[EXERCISE DIRECTIONS] Transcribe word for word the lines below from the line with "using lp_dist_powr_subseq_split[of p" through the line with "powr p) \<le>", ends included.

[Collected data]
lemma lp_dist_powr_subseq_split:
  fixes z :: "nat \<Rightarrow> nat \<Rightarrow> real"
  assumes p: "1 < p" and y: "y \<in> lp_space p" and z: "\<And>n. z n \<in> lp_space p"
    and A: "\<And>n. lp_dist p y (z n) \<le> A"
  obtains r w \<mu> where "strict_mono r" "w \<in> lp_space p"
    "\<And>v. v \<in> lp_space p \<Longrightarrow> (\<lambda>n. lp_dist p v (z (r n)) powr p) \<longlonglongrightarrow> lp_dist p v w powr p + \<mu>"
proof -
  have p1: "1 \<le> p" and p0: "0 < p" using p by auto
  have dist_le: "lp_dist p x (z n) \<le> lp_dist p x y + A" if "x \<in> lp_space p" for x n
    using lp_dist_triangle[OF p1 that y z[of n]] A[of n] by linarith
  have "lp_norm_powr p (z n) \<le> (lp_dist p (\<lambda>i. 0) y + A) powr p" for n
    using dist_le[of "\<lambda>i. 0" n] p lp_dist_nonneg[of p "\<lambda>i. 0" "z n"]
    unfolding lp_norm_powr_eq_dist[OF p0 z[of n]] lp_dist_commute[of p "z n"]
    by (intro powr_mono2) auto
  then obtain r0 w where r0: "strict_mono r0" and w: "w \<in> lp_space p"
    and lim: "\<And>i. (\<lambda>n. z (r0 n) i) \<longlonglongrightarrow> w i"
    using lp_bounded_imp_coordinatewise_convergent_subseq[of p z, OF p0 z] by blast
  have "\<bar>lp_dist p w (z (r0 n)) powr p\<bar> \<le> (lp_dist p w y + A) powr p" for n
    using dist_le[OF w, of "r0 n"] p by (auto intro: powr_mono2 simp: lp_dist_nonneg)
  then obtain q \<mu> where q: "strict_mono q" and \<mu>: "(\<lambda>n. lp_dist p w (z (r0 (q n))) powr p) \<longlonglongrightarrow> \<mu>"
    using real_bounded_imp_convergent_subseq[of "\<lambda>n. lp_dist p w (z (r0 n)) powr p"] by blast
  have "(\<lambda>n. z (r0 (q n)) i) \<longlonglongrightarrow> w i" for i
    using LIMSEQ_subseq_LIMSEQ[OF lim q] by (simp add: o_def)
  then have "(\<lambda>n. lp_dist p v (z (r0 (q n))) powr p) \<longlonglongrightarrow> lp_dist p v w powr p + \<mu>"
    if "v \<in> lp_space p" for v
    using dist_le[OF w] by (intro lp_dist_powr_brezis_lieb[OF p w z _ _ \<mu> that]) auto
  then show ?thesis by (intro that[OF strict_mono_o[OF r0 q] w, of \<mu>]) simp
qed

section \<open>The fork lemma\<close>

definition fork_const :: "real \<Rightarrow> real" where
  "fork_const p = (2 powr (p - 1) - 1) / 4"

lemma fork_const_pos: "1 < p \<Longrightarrow> 0 < fork_const p"
  unfolding fork_const_def by simp

lemma lp_split_const_ge_separation:
  fixes z :: "nat \<Rightarrow> nat \<Rightarrow> real"
  assumes p: "1 < p" and w: "w \<in> lp_space p" and z: "\<And>n. z n \<in> lp_space p" and r: "strict_mono r"
    and lim: "\<And>v. v \<in> lp_space p \<Longrightarrow> (\<lambda>n. lp_dist p v (z (r n)) powr p) \<longlonglongrightarrow> lp_dist p v w powr p + \<mu>"
    and sep: "\<And>n m. n \<noteq> m \<Longrightarrow> \<sigma> \<le> lp_dist p (z n) (z m)" and \<sigma>: "0 < \<sigma>"
  shows "\<sigma> powr p \<le> \<mu> + \<mu>"
proof (rule LIMSEQ_le_const)
  have "(\<lambda>n. lp_dist p w (z (r n)) powr p) \<longlonglongrightarrow> 0 + \<mu>"
    using lim[OF w] p by simp
  then have "(\<lambda>n. lp_dist p w (z (r n)) powr p + \<mu>) \<longlonglongrightarrow> (0 + \<mu>) + \<mu>"
    by (intro tendsto_add tendsto_const)
  then show "(\<lambda>n. lp_dist p (z (r n)) w powr p + \<mu>) \<longlonglongrightarrow> \<mu> + \<mu>"
    by (simp add: lp_dist_commute[of p _ w])
  show "\<exists>N. \<forall>n\<ge>N. \<sigma> powr p \<le> lp_dist p (z (r n)) w powr p + \<mu>"
  proof (intro exI allI impI)
    fix n
    have "\<forall>\<^sub>F m in sequentially. \<sigma> powr p \<le> lp_dist p (z (r n)) (z (r m)) powr p"
    proof (rule eventually_sequentiallyI[of "Suc n"])
      fix m assume "Suc n \<le> m"
      then have "r n \<noteq> r m" using strict_mono_less[OF r, of n m] by simp
      then show "\<sigma> powr p \<le> lp_dist p (z (r n)) (z (r m)) powr p"
        using sep \<sigma> p by (intro powr_mono2) auto
    qed
    then show "\<sigma> powr p \<le> lp_dist p (z (r n)) w powr p + \<mu>"
      by (rule tendsto_lowerbound[OF lim[OF z]]) simp
  qed
qed

text \<open>Matousek's fork lemma: \<open>\<ell>\<^sub>p\<close> contains no almost isometric infinite fork
  \<open>x - y - z n\<close> with separated tines.\<close>
lemma lp_fork:
  fixes z :: "nat \<Rightarrow> nat \<Rightarrow> real"
  assumes p: "1 < p" and x: "x \<in> lp_space p" and y: "y \<in> lp_space p" and z: "\<And>n. z n \<in> lp_space p"
    and xy: "lp_dist p x y \<le> A" and yz: "\<And>n. lp_dist p y (z n) \<le> A"
    and sep: "\<And>n m. n \<noteq> m \<Longrightarrow> \<sigma> \<le> lp_dist p (z n) (z m)" and \<sigma>: "0 < \<sigma>"
  obtains n where "lp_dist p x (z n) powr p \<le> (2 * A) powr p - fork_const p * \<sigma> powr p"
proof -
  have p1: "1 \<le> p" using p by simp
  have A0: "0 \<le> A" using yz[of 0] lp_dist_nonneg[of p y "z 0"] by linarith
  obtain r w \<mu> where r: "strict_mono r" and w: "w \<in> lp_space p" and lim:
    "\<And>v. v \<in> lp_space p \<Longrightarrow> (\<lambda>n. lp_dist p v (z (r n)) powr p) \<longlonglongrightarrow> lp_dist p v w powr p + \<mu>"
    using lp_dist_powr_subseq_split[of p y z A, OF p y z yz] by blast
  have yw: "lp_dist p y w powr p + \<mu> \<le> A powr p"
  proof (rule LIMSEQ_le_const2[OF lim[OF y]])
    show "\<exists>N. \<forall>n\<ge>N. lp_dist p y (z (r n)) powr p \<le> A powr p"
      using yz p by (intro exI allI impI powr_mono2) (auto simp: lp_dist_nonneg)
  qed
  have \<sigma>_le: "\<sigma> powr p \<le> \<mu> + \<mu>"
    by (rule lp_split_const_ge_separation[OF p w z r lim sep \<sigma>])
  have "lp_dist p x w \<le> A + lp_dist p y w"
    using lp_dist_triangle[OF p1 x y w] xy by linarith
  then have "lp_dist p x w powr p \<le> (A + lp_dist p y w) powr p"
    using p by (intro powr_mono2) (auto simp: lp_dist_nonneg)
  also have "\<dots> \<le> 2 powr (p - 1) * (A powr p + lp_dist p y w powr p)"
    using p A0 by (intro add_powr_le_two_powr) (auto simp: lp_dist_nonneg)
  finally have xw: "lp_dist p x w powr p \<le> 2 powr (p - 1) * (A powr p + lp_dist p y w powr p)" .
  define c where "c = 2 powr (p - 1)"
  have c1: "1 < c" unfolding c_def using p by simp
  have twoA: "(2 * A) powr p = 2 * c * A powr p"
    using A0 unfolding c_def by (simp add: powr_mult powr_diff)
  have "c * (A powr p + lp_dist p y w powr p) \<le> c * (A powr p + (A powr p - \<mu>))"
    using yw c1 by (intro mult_left_mono) auto
  then have "lp_dist p x w powr p + \<mu> \<le> c * (A powr p + (A powr p - \<mu>)) + \<mu>"
    using xw unfolding c_def[symmetric] by linarith
  also have "\<dots> = (2 * A) powr p - (c - 1) * \<mu>" unfolding twoA by (simp add: algebra_simps)
  also have "\<dots> \<le> (2 * A) powr p - (c - 1) / 2 * \<sigma> powr p"
    using \<sigma>_le c1 by (simp add: mult_left_mono)
  also have "\<dots> < (2 * A) powr p - fork_const p * \<sigma> powr p"
    using c1 \<sigma> unfolding fork_const_def c_def[symmetric] by simp
  finally have "\<forall>\<^sub>F n in sequentially. lp_dist p x (z (r n)) powr p < (2 * A) powr p - fork_const p * \<sigma> powr p"
    using order_tendstoD(2)[OF lim[OF x]] by blast
  then obtain n where "lp_dist p x (z (r n)) powr p < (2 * A) powr p - fork_const p * \<sigma> powr p"
    using eventually_sequentially by auto
  then show ?thesis using that[of "r n"] by simp
qed

section \<open>The tree metric\<close>

lemma lcp_append_same: "lcp (u @ xs) (u @ ys) = length u + lcp xs ys"
  by (induction u) auto

lemma lcp_le_length: "lcp xs ys \<le> length xs" "lcp xs ys \<le> length ys"
  by (induction xs ys rule: lcp.induct) auto

lemma lcp_append_right: "lcp u (u @ r) = length u"
  using lcp_append_same[of u "[]" r] by simp

lemma lcp_self: "lcp u u = length u"
  using lcp_append_right[of u "[]"] by simp

lemma lcp_commute: "lcp xs ys = lcp ys xs"
  by (induction xs ys rule: lcp.induct) auto

lemma take_lcp: "take (lcp xs ys) xs = take (lcp xs ys) ys"
  by (induction xs ys rule: lcp.induct) auto

lemma le_lcp_if_take_eq:
  "j \<le> length xs \<Longrightarrow> j \<le> length ys \<Longrightarrow> take j xs = take j ys \<Longrightarrow> j \<le> lcp xs ys"
proof (induction xs ys arbitrary: j rule: lcp.induct)
  case (1 x xs y ys)
  then show ?case by (cases j) auto
qed auto

lemma tree_dist_self [simp]: "tree_dist a a = 0"
  unfolding tree_dist_def by (simp add: lcp_self)

lemma tree_dist_commute: "tree_dist a b = tree_dist b a"
  unfolding tree_dist_def by (simp add: lcp_commute add.commute)

lemma tree_dist_snoc: "tree_dist a (a @ [i]) = 1"
  unfolding tree_dist_def using lcp_append_right[of a "[i]"] by simp

lemma tree_dist_siblings: "j \<noteq> k \<Longrightarrow> tree_dist (u @ [i, j]) (u @ [i, k]) = 2"
  unfolding tree_dist_def using lcp_append_same[of "u @ [i]" "[j]" "[k]"] by simp

lemma tree_dist_ge_1: "a \<noteq> b \<Longrightarrow> 1 \<le> tree_dist a b"
proof (induction a b rule: lcp.induct)
  case (1 x xs y ys)
  show ?case
  proof (cases "x = y")
    case True
    then have "1 \<le> tree_dist xs ys" using 1 by simp
    with True show ?thesis unfolding tree_dist_def by simp
  qed (simp add: tree_dist_def)
next
  case ("2_1" ys)
  then show ?case unfolding tree_dist_def by (cases ys) auto
next
  case ("2_2" xs)
  then show ?case unfolding tree_dist_def by (cases xs) auto
qed

text \<open>A copy of the tree of height \<open>m\<close> in the tree of height \<open>2 m\<close> in which every edge becomes a
  path of length 2; \<open>sel\<close> chooses the intermediate vertices.\<close>
fun tree_dilate :: "(nat list \<Rightarrow> nat \<Rightarrow> nat) \<Rightarrow> nat list \<Rightarrow> nat list \<Rightarrow> nat list" where
  "tree_dilate sel u [] = u"
| "tree_dilate sel u (i # a) = tree_dilate sel (u @ [i, sel u i]) a"

lemma length_tree_dilate: "length (tree_dilate sel u a) = length u + 2 * length a"
  by (induction a arbitrary: u) auto

lemma tree_dilate_prefix: "\<exists>r. tree_dilate sel u a = u @ r"
proof (induction a arbitrary: u)
  case (Cons i a)
  then obtain r where "tree_dilate sel (u @ [i, sel u i]) a = (u @ [i, sel u i]) @ r" by blast
  then show ?case by auto
qed auto

lemma tree_dilate_snoc:
  "tree_dilate sel u (a @ [i]) = tree_dilate sel u a @ [i, sel (tree_dilate sel u a) i]"
  by (induction a arbitrary: u) auto

lemma lcp_tree_dilate: "lcp (tree_dilate sel u a) (tree_dilate sel u b) = length u + 2 * lcp a b"
proof (induction a arbitrary: u b)
  case Nil
  obtain r where "tree_dilate sel u b = u @ r" using tree_dilate_prefix by blast
  then show ?case by (simp add: lcp_append_right)
next
  case (Cons i a)
  show ?case
  proof (cases b)
    case Nil
    obtain r where "tree_dilate sel u (i # a) = u @ r" using tree_dilate_prefix by blast
    then show ?thesis using Nil by (simp add: lcp_append_right lcp_commute[of "u @ r"])
  next
    case (Cons j b')
    show ?thesis
    proof (cases "i = j")
      case True
      then show ?thesis using Cons.IH[of "u @ [i, sel u i]" b'] Cons by simp
    next
      case False
      obtain r1 where "tree_dilate sel (u @ [i, sel u i]) a = (u @ [i, sel u i]) @ r1"
        using tree_dilate_prefix by blast
      moreover obtain r2 where "tree_dilate sel (u @ [j, sel u j]) b' = (u @ [j, sel u j]) @ r2"
        using tree_dilate_prefix by blast
      ultimately show ?thesis
        using Cons False lcp_append_same[of u "i # sel u i # r1" "j # sel u j # r2"] by simp
    qed
  qed
qed

lemma tree_dist_tree_dilate: "tree_dist (tree_dilate sel [] a) (tree_dilate sel [] b) = 2 * tree_dist a b"
  using lcp_le_length[of a b] unfolding tree_dist_def lcp_tree_dilate length_tree_dilate by simp

section \<open>The lower bound\<close>

definition tree_lp_bounds :: "real \<Rightarrow> nat \<Rightarrow> real \<Rightarrow> real \<Rightarrow> (nat list \<Rightarrow> nat \<Rightarrow> real) \<Rightarrow> bool" where
  "tree_lp_bounds p m s L g \<longleftrightarrow>
     (\<forall>a\<in>tree_vertices m. g a \<in> lp_space p)
     \<and> (\<forall>a\<in>tree_vertices m. \<forall>b\<in>tree_vertices m. s * tree_dist a b \<le> lp_dist p (g a) (g b))
     \<and> (\<forall>a i. length a < m \<longrightarrow> lp_dist p (g a) (g (a @ [i])) \<le> L)"

lemma tree_lp_bounds_mono: "tree_lp_bounds p m s L g \<Longrightarrow> m' \<le> m \<Longrightarrow> tree_lp_bounds p m' s L g"
  unfolding tree_lp_bounds_def tree_vertices_def by auto

lemma tree_lp_bounds_le:
  assumes "tree_lp_bounds p m s L g" "1 \<le> m"
  shows "s \<le> L"
proof -
  have "s * tree_dist [] [0] \<le> lp_dist p (g []) (g [0])"
    using assms unfolding tree_lp_bounds_def tree_vertices_def by auto
  moreover have "lp_dist p (g []) (g ([] @ [0])) \<le> L"
    using assms unfolding tree_lp_bounds_def by (metis list.size(3) less_le_trans zero_less_one)
  ultimately show ?thesis using tree_dist_snoc[of "[]" 0] by simp
qed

[RESPONSE BELOW]
    using lp_dist_powr_subseq_split[of p y z A, OF p y z yz] by blast
  have yw: "lp_dist p y w powr p + \<mu> \<le> A powr p"
  proof (rule LIMSEQ_le_const2[OF lim[OF y]])
    show "\<exists>N. \<forall>n\<ge>N. lp_dist p y (z (r n)) powr p \<le> A powr p"
      using yz p by (intro exI allI impI powr_mono2) (auto simp: lp_dist_nonneg)
  qed
  have \<sigma>_le: "\<sigma> powr p \<le> \<mu> + \<mu>"
    by (rule lp_split_const_ge_separation[OF p w z r lim sep \<sigma>])
  have "lp_dist p x w \<le> A + lp_dist p y w"
    using lp_dist_triangle[OF p1 x y w] xy by linarith
  then have "lp_dist p x w powr p \<le> (A + lp_dist p y w) powr p"
    using p by (intro powr_mono2) (auto simp: lp_dist_nonneg)
  also have "\<dots> \<le> 2 powr (p - 1) * (A powr p + lp_dist p y w powr p)"
    using p A0 by (intro add_powr_le_two_powr) (auto simp: lp_dist_nonneg)
  finally have xw: "lp_dist p x w powr p \<le> 2 powr (p - 1) * (A powr p + lp_dist p y w powr p)" .
  define c where "c = 2 powr (p - 1)"
  have c1: "1 < c" unfolding c_def using p by simp
  have twoA: "(2 * A) powr p = 2 * c * A powr p"
    using A0 unfolding c_def by (simp add: powr_mult powr_diff)
  have "c * (A powr p + lp_dist p y w powr p) \<le> c * (A powr p + (A powr p - \<mu>))"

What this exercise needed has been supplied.